No estamos en guerra. De momento, al menos. Pero la guerra se nos ha metido hasta en el más oscuro rincón de la casa. Nunca habíamos presenciado una con el verismo con que estamos contemplando ésta a través de unos medios audiovisuales que nos secuestran la mirada sin dejarnos apartarla de sus pantallas. Y no está mal que así sea. Porque, aunque no estemos en guerra, sentimos la de Ucrania como nuestra. Nadie puede mirar con indiferencia tanto edificio devastado y tanta gente espantada huyendo de su patria como los que nuestros ojos ven a todas horas en las arrasadas ciudades ucranianas. La evidencia, además, de que se trata de una barbarie gratuita, caprichosa, arbitraria e injusta, producto de la ambición expansionista de un tirano sin escrúpulos, la convierte en una «causa» con la que como vecinos, europeos y seres humanos no podemos dejar de simpatizar e identificarnos. Sólo con esto, Putin habrá perdido la guerra, aunque la gane. Se llevará consigo el odio eterno de la nación por él sojuzgada. Otro personaje más a sumar al montón de desechos que acumula la Historia. Nunca podrá acudir, sin sonrojarse, a ningún foro que haga de la civilización enseña. Ni él ni el país que representa. Mientras no se deshaga del déspota, la Federación Rusa tendrá marcado en su logo, como Caín en la frente, el estigma de la ignominia.
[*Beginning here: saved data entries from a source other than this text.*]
(* Let $\theta$ be uniformly distributed on $[0,2\pi)$. Let $C$ be a twice-differentiable plane curve parameterized by arc length at unit speed by $\gamma:[0,L(C)]\to\mathbb{R}^2$, such that $[0,L(C)]$ can be covered up to a set of measure zero by a countable set of open intervals none of which contains an inflection point. Mark every $y\in[0,L(C)]$ such that $\alpha(\gamma(y))=\theta$ and such that for every $\epsilon>0$ there exists $0<\delta<\epsilon$ with $\alpha(\gamma(y-\delta))\neq\theta$. Let $\ell$ be the number of marked points. Then $E[\ell]=A(C)/(2\pi)$.
   Context: For a point $x$ on $C$, $\alpha(x)\in[0,2\pi)$ is the angle between the (oriented) tangent to $C$ at $x$ and the $x$-axis. $L(C)$ is the length of $C$, $\kappa$ its curvature, and $A(C)=\int_0^{L(C)}|\kappa(y)|\,dy$ its total absolute curvature. *)

theory Defs
  imports "HOL-Analysis.Analysis"
begin

text \<open>The plane is modelled as the complex numbers.  The angle in [0, 2pi) between
  a (nonzero) vector v and the x-axis.\<close>
definition tangent_angle :: "complex \<Rightarrow> real" where
  "tangent_angle v = (if Arg v < 0 then Arg v + 2 * pi else Arg v)"

text \<open>Signed curvature of a unit-speed curve with first derivative g' and second
  derivative g'': kappa = det(g', g'').\<close>
definition signed_curv :: "(real \<Rightarrow> complex) \<Rightarrow> (real \<Rightarrow> complex) \<Rightarrow> real \<Rightarrow> real" where
  "signed_curv g' g'' t = Im (cnj (g' t) * g'' t)"

definition inflection_point :: "(real \<Rightarrow> real) \<Rightarrow> real \<Rightarrow> real \<Rightarrow> bool" where
  "inflection_point k L y \<longleftrightarrow>
     (\<forall>\<epsilon>>0. \<exists>s\<in>{0..L}. \<exists>t\<in>{0..L}. \<bar>s - y\<bar> < \<epsilon> \<and> \<bar>t - y\<bar> < \<epsilon> \<and> k s > 0 \<and> k t < 0)"

text \<open>Marked parameters for direction theta (points to the left of the parameter
  interval impose no constraint).\<close>
definition marked :: "(real \<Rightarrow> real) \<Rightarrow> real \<Rightarrow> real \<Rightarrow> real set" where
  "marked \<alpha> L \<theta> = {y \<in> {0..L}. \<alpha> y = \<theta> \<and>
     (\<forall>\<epsilon>>0. \<exists>\<delta>. 0 < \<delta> \<and> \<delta> < \<epsilon> \<and> (y - \<delta> \<notin> {0..L} \<or> \<alpha> (y - \<delta>) \<noteq> \<theta>))}"

end

theory Submission
  imports Defs
begin

text \<open>Off the parameters where the tangent points in direction \<open>0\<close> (the branch cut of
  the angle), the tangent angle \<open>\<alpha>\<close> is differentiable with derivative the signed
  curvature; where the tangent does point in direction \<open>0\<close>, the curvature vanishes
  except at the countably many isolated such parameters.  Banach's indicatrix theorem
  \<open>\<integral> #{y. \<alpha> y = \<theta>} d\<theta> = \<integral> |\<alpha>'|\<close> then gives the expected count, once one knows
  that for almost every \<theta> the marked points are exactly the solutions of
  \<open>\<alpha> y = \<theta>\<close>: a solution that is not marked lies on a stretch where \<open>\<alpha> = \<theta>\<close>, so
  \<theta> is a value of \<alpha> at a rational parameter.

  The indicatrix theorem is proved by cutting \<open>{\<alpha>' \<noteq> 0}\<close> into countably many Borel
  pieces on which \<alpha> is injective, applying the change of variables formula on each
  piece, and discarding the critical values by Sard's lemma.\<close>

section \<open>Banach's indicatrix theorem\<close>

text \<open>\<open>f'\<close> is the pointwise limit of the continuous difference quotients
  \<open>n (f (x + 1/n) - f x)\<close>, restricted to the open sets where they are defined.\<close>
lemma borel_measurable_indicator_times_derivative:
  fixes f f' :: "real \<Rightarrow> real"
  assumes U: "open U" and der: "\<And>x. x \<in> U \<Longrightarrow> (f has_real_derivative f' x) (at x)"
  shows "(\<lambda>x. indicator U x * f' x) \<in> borel_measurable borel"
proof -
  define V where "V n = U \<inter> (\<lambda>x. x + 1 / real (Suc n)) -` U" for n
  define F where "F n x = indicator (V n) x *\<^sub>R (real (Suc n) * (f (x + 1 / real (Suc n)) - f x))" for n x
  have contf: "continuous_on U f"
    using der by (meson DERIV_isCont continuous_at_imp_continuous_on)
  have openV: "open (V n)" for n
    unfolding V_def by (intro open_Int U open_vimage continuous_intros)
  have meas: "F n \<in> borel_measurable borel" for n
    unfolding F_def
  proof (rule borel_measurable_continuous_on_indicator)
    show "V n \<in> sets borel" using openV by auto
    have c1: "continuous_on (V n) (\<lambda>x. f (x + 1 / real (Suc n)))"
      by (rule continuous_on_compose2[OF contf]) (auto intro!: continuous_intros simp: V_def)
    have c2: "continuous_on (V n) f"
      by (rule continuous_on_subset[OF contf]) (auto simp: V_def)
    show "continuous_on (V n) (\<lambda>x. real (Suc n) * (f (x + 1 / real (Suc n)) - f x))"
      by (intro continuous_intros c1 c2)
  qed
  have lim: "(\<lambda>n. F n x) \<longlonglongrightarrow> indicator U x * f' x" for x
  proof (cases "x \<in> U")
    case False
    then have "F n x = 0" for n by (simp add: F_def V_def)
    then show ?thesis using False by simp
  next
    case True
    have shift: "\<forall>\<^sub>F n in sequentially. x + 1 / real (Suc n) \<in> U"
    proof -
      have "(\<lambda>n. x + 1 / real (Suc n)) \<longlonglongrightarrow> x + 0"
        by (intro tendsto_add tendsto_const LIMSEQ_Suc[OF lim_inverse_n'])
      then show ?thesis using U True by (simp add: topological_tendstoD)
    qed
    have "filterlim (\<lambda>n. 1 / real (Suc n)) (at 0) sequentially"
      by (intro filterlim_atI LIMSEQ_Suc[OF lim_inverse_n']) auto
    from filterlim_compose[OF der[OF True, unfolded DERIV_def] this]
    have "(\<lambda>n. real (Suc n) * (f (x + 1 / real (Suc n)) - f x)) \<longlonglongrightarrow> f' x"
      by (simp add: mult.commute)
    moreover have "\<forall>\<^sub>F n in sequentially. real (Suc n) * (f (x + 1 / real (Suc n)) - f x) = F n x"
      using shift by eventually_elim (simp add: F_def V_def True)
    ultimately have "(\<lambda>n. F n x) \<longlonglongrightarrow> f' x" by (rule Lim_transform_eventually)
    then show ?thesis using True by simp
  qed
  show ?thesis
    by (rule borel_measurable_LIMSEQ_real[OF lim meas])
qed
(* Let $\mathcal G$ be a core network with input nodes $\iota_1,\dots,\iota_n$ and output node $o$, and let $\rho_k>\rho_{k+1}$ be two adjacent absolutely super-simple nodes. Then: (a) $\rho_k$ and $\rho_{k+1}$ are adjacent $\iota_m$-super-simple nodes, for every $m=1,\dots,n$; (b) for every $m=1,\dots,n$, every $\iota_m$-simple node in $\mathcal L_m(\rho_k,\rho_{k+1})$ is an absolutely simple node; (c) $\mathcal L_m(\rho_k,\rho_{k+1})=\mathcal L(\rho_k,\rho_{k+1})$ for every $m=1,\dots,n$.
   Context: Node $b$ is downstream from $a$ if there is a directed path from $a$ to $b$. A core network: every node is upstream from $o$ and downstream from at least one input node. A simple path visits each node at most once; an $\iota_mo$-simple path is a simple path from $\iota_m$ to $o$. A node is $\iota_m$-simple if it lies on an $\iota_mo$-simple path; absolutely simple if $\iota_m$-simple for every $m$. An $\iota_m$-super-simple node is an $\iota_m$-simple node lying on every $\iota_mo$-simple path; the $\iota_m$-super-simple nodes appear in the same order on every $\iota_mo$-simple path, and two of them are adjacent $\iota_m$-super-simple nodes if they are consecutive in this order. A node is absolutely super-simple if it lies on every $\iota_mo$-simple path for every $m$; these are totally ordered $\rho_1>\cdots>\rho_p>o$, where $a>b$ means $b$ comes after $a$ on every $\iota_mo$-simple path for every $m$, and $\rho_k,\rho_{k+1}$ are adjacent if consecutive in this order. For adjacent $\iota_m$-super-simple nodes $\rho_k>\rho_{k+1}$, an $\iota_m$-simple node $\rho$ is between them if some $\iota_mo$-simple path visits $\rho_k,\rho,\rho_{k+1}$ in that order; $\mathcal L_m(\rho_k,\rho_{k+1})$ is the subnetwork of $\iota_m$-simple nodes between $\rho_k$ and $\rho_{k+1}$, with the arrows of $\mathcal G_m$ (the subnetwork of nodes downstream from $\iota_m$ and upstream from $o$) connecting them. For adjacent absolutely super-simple nodes, an absolutely simple node $\rho$ is between them if for some $m$ some $\iota_mo$-simple path visits $\rho_k,\rho,\rho_{k+1}$ in that order; $\mathcal L(\rho_k,\rho_{k+1})$ is the subnetwork of absolutely simple nodes between them, with arrows of $\mathcal G$ connecting them. *)

theory Defs
  imports Main
begin

text \<open>An input-output network: a finite node set V, a set of arrows E \<subseteq> V \<times> V
  (multiplicities of arrows are irrelevant for path notions), input nodes
  inp 1, ..., inp n and an output node out.\<close>

definition downstream :: "('a \<times> 'a) set \<Rightarrow> 'a \<Rightarrow> 'a \<Rightarrow> bool" where
  "downstream E a b \<longleftrightarrow> (a, b) \<in> E\<^sup>*"

definition core_network ::
  "'a set \<Rightarrow> ('a \<times> 'a) set \<Rightarrow> (nat \<Rightarrow> 'a) \<Rightarrow> nat \<Rightarrow> 'a \<Rightarrow> bool" where
  "core_network V E inp n out \<longleftrightarrow>
     finite V \<and> E \<subseteq> V \<times> V \<and> n \<ge> 1 \<and>
     inp ` {1..n} \<subseteq> V \<and> inj_on inp {1..n} \<and>
     out \<in> V \<and> out \<notin> inp ` {1..n} \<and>
     (\<forall>v\<in>V. downstream E v out \<and> (\<exists>m\<in>{1..n}. downstream E (inp m) v))"

definition is_path :: "('a \<times> 'a) set \<Rightarrow> 'a list \<Rightarrow> bool" where
  "is_path E p \<longleftrightarrow> p \<noteq> [] \<and> (\<forall>i. Suc i < length p \<longrightarrow> (p ! i, p ! Suc i) \<in> E)"

definition simple_path :: "('a \<times> 'a) set \<Rightarrow> 'a \<Rightarrow> 'a \<Rightarrow> 'a list \<Rightarrow> bool" where
  "simple_path E a b p \<longleftrightarrow> is_path E p \<and> distinct p \<and> hd p = a \<and> last p = b"

definition in_simple :: "('a \<times> 'a) set \<Rightarrow> 'a \<Rightarrow> 'a \<Rightarrow> 'a \<Rightarrow> bool" where
  "in_simple E i out v \<longleftrightarrow> (\<exists>p. simple_path E i out p \<and> v \<in> set p)"

definition abs_simple :: "('a \<times> 'a) set \<Rightarrow> (nat \<Rightarrow> 'a) \<Rightarrow> nat \<Rightarrow> 'a \<Rightarrow> 'a \<Rightarrow> bool" where
  "abs_simple E inp n out v \<longleftrightarrow> (\<forall>m\<in>{1..n}. in_simple E (inp m) out v)"

definition in_super_simple :: "('a \<times> 'a) set \<Rightarrow> 'a \<Rightarrow> 'a \<Rightarrow> 'a \<Rightarrow> bool" where
  "in_super_simple E i out v \<longleftrightarrow>
     in_simple E i out v \<and> (\<forall>p. simple_path E i out p \<longrightarrow> v \<in> set p)"

definition before_on :: "'a list \<Rightarrow> 'a \<Rightarrow> 'a \<Rightarrow> bool" where
  "before_on p a b \<longleftrightarrow> (\<exists>i j. i < j \<and> j < length p \<and> p ! i = a \<and> p ! j = b)"

definition in_greater :: "('a \<times> 'a) set \<Rightarrow> 'a \<Rightarrow> 'a \<Rightarrow> 'a \<Rightarrow> 'a \<Rightarrow> bool" where
  "in_greater E i out a b \<longleftrightarrow> (\<forall>p. simple_path E i out p \<longrightarrow> before_on p a b)"

definition adjacent_in_super_simple :: "('a \<times> 'a) set \<Rightarrow> 'a \<Rightarrow> 'a \<Rightarrow> 'a \<Rightarrow> 'a \<Rightarrow> bool" where
  "adjacent_in_super_simple E i out a b \<longleftrightarrow>
     in_super_simple E i out a \<and> in_super_simple E i out b \<and> in_greater E i out a b \<and>
     \<not> (\<exists>c. in_super_simple E i out c \<and> in_greater E i out a c \<and> in_greater E i out c b)"

definition abs_super_simple :: "('a \<times> 'a) set \<Rightarrow> (nat \<Rightarrow> 'a) \<Rightarrow> nat \<Rightarrow> 'a \<Rightarrow> 'a \<Rightarrow> bool" where
  "abs_super_simple E inp n out v \<longleftrightarrow>
     (\<forall>m\<in>{1..n}. \<forall>p. simple_path E (inp m) out p \<longrightarrow> v \<in> set p)"

definition abs_greater :: "('a \<times> 'a) set \<Rightarrow> (nat \<Rightarrow> 'a) \<Rightarrow> nat \<Rightarrow> 'a \<Rightarrow> 'a \<Rightarrow> 'a \<Rightarrow> bool" where
  "abs_greater E inp n out a b \<longleftrightarrow> (\<forall>m\<in>{1..n}. in_greater E (inp m) out a b)"

definition adjacent_abs_super_simple ::
  "('a \<times> 'a) set \<Rightarrow> (nat \<Rightarrow> 'a) \<Rightarrow> nat \<Rightarrow> 'a \<Rightarrow> 'a \<Rightarrow> 'a \<Rightarrow> bool" where
  "adjacent_abs_super_simple E inp n out a b \<longleftrightarrow>
     abs_super_simple E inp n out a \<and> abs_super_simple E inp n out b \<and>
     abs_greater E inp n out a b \<and>
     \<not> (\<exists>c. abs_super_simple E inp n out c \<and> abs_greater E inp n out a c \<and>
            abs_greater E inp n out c b)"

definition visits_in_order :: "'a list \<Rightarrow> 'a \<Rightarrow> 'a \<Rightarrow> 'a \<Rightarrow> bool" where
  "visits_in_order p a v c \<longleftrightarrow>
     (\<exists>i j k. i \<le> j \<and> j \<le> k \<and> k < length p \<and> p ! i = a \<and> p ! j = v \<and> p ! k = c)"

definition G_in :: "'a set \<Rightarrow> ('a \<times> 'a) set \<Rightarrow> 'a \<Rightarrow> 'a \<Rightarrow> 'a set \<times> ('a \<times> 'a) set" where
  "G_in V E i out =
     (let N = {v\<in>V. downstream E i v \<and> downstream E v out} in (N, E \<inter> (N \<times> N)))"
Pero no es mi función en esta columna extenderme en desahogos personales, por muy compartidos que sean por multitud de ciudadanos. He ahí la primera reflexión objetiva. Pues no se precisan encuestas para percibir la unánime repugnancia que ha causado en el mundo el infame proceder del tirano ruso. Inventándose amenazas a la seguridad de su país que nadie -y menos los ucranianos- representa, se ha permitido, invadiendo a una nación hermana, poner en alarmante riesgo la seguridad de todo su entorno y del orbe entero. No sorprenden, al respecto, las reacciones de rechazo y exclusión que se han producido en organismos que suelen resistirse a compromisos radicales. Ámbitos tan distintos como el del arte, el deporte y la empresa se han apresurado a romper todo contacto con quien juzgan un apestado que contamina cuanto con él se roza. La política, tan a su aire de ordinario, no ha ido esta vez a la zaga. Por el contrario, fue significativo el abrumador voto de repulsa que el comportamiento ruso cosechó en foro tan poco dado a adhesiones emocionales como el Plenario de la Organización de Naciones Unidas, que había sido ya escenario de la estampida que provocó la intervención del Ministro de Exteriores de la Federación Rusa.
Aquí, en nuestro entorno más cercano, tanto la Unión Europea como el Estado español, en sus instituciones ejecutiva y representativa, han reaccionado con la firmeza, si bien no con la premura, que la gravedad de la situación requiere. La UE, a rastras, en los primeros momentos, del protagonismo de Estados Unidos, ha tomado, por fin, el liderazgo con actuaciones a la altura del conflicto, asumiendo los adversos efectos que de ellas se derivarán en el orden económico y político. No podía ser de otro modo. La invasión de la vecina Ucrania, cuya motivación tiene que ver con el europeísmo de este nuevo país legítimamente desgajado de la extinta Unión Soviética, constituye una amenaza para la propia seguridad europea. Sólo cuando la Federación Rusa se retire a sus fronteras, podrá tratarse y acordarse la mejor solución a los problemas de seguridad mutua que los cambios geopolíticos han planteado y aún quedan pendientes.
En nuestro país, la acertada, aunque tardía, decisión de implicarse en la defensa activa de la soberanía y la gente de Ucrania, aparte de implicar riesgos comunes al resto de la Unión, ha puesto al descubierto la fragilidad de la alianza gubernamental, causándole una doble división, primero, entre los dos socios y, luego, en el seno del menor. Urge, pues, explorar uniones más sólidas y acordes con los tiempos de volatilidad que hoy corren por Europa y el mundo. Para ello se precisan voluntades decididas que se atrevan a superar el anquilosamiento que amenaza con paralizar la política por la supremacía que la sobreideologización ejerce sobre el pragmatismo versátil que la nueva modernidad social y geopolítica pide. «Desperté del sueño dogmático», dijo Kant tras leer a Hume. A nosotros habrá de despertarnos esa realidad compleja y voluble que no se deja encerrar en rotundas burbujas ideológicas, sino que exige, como aconsejara Ortega, la humildad de «ir a las cosas» o, mejor aún, a la gente.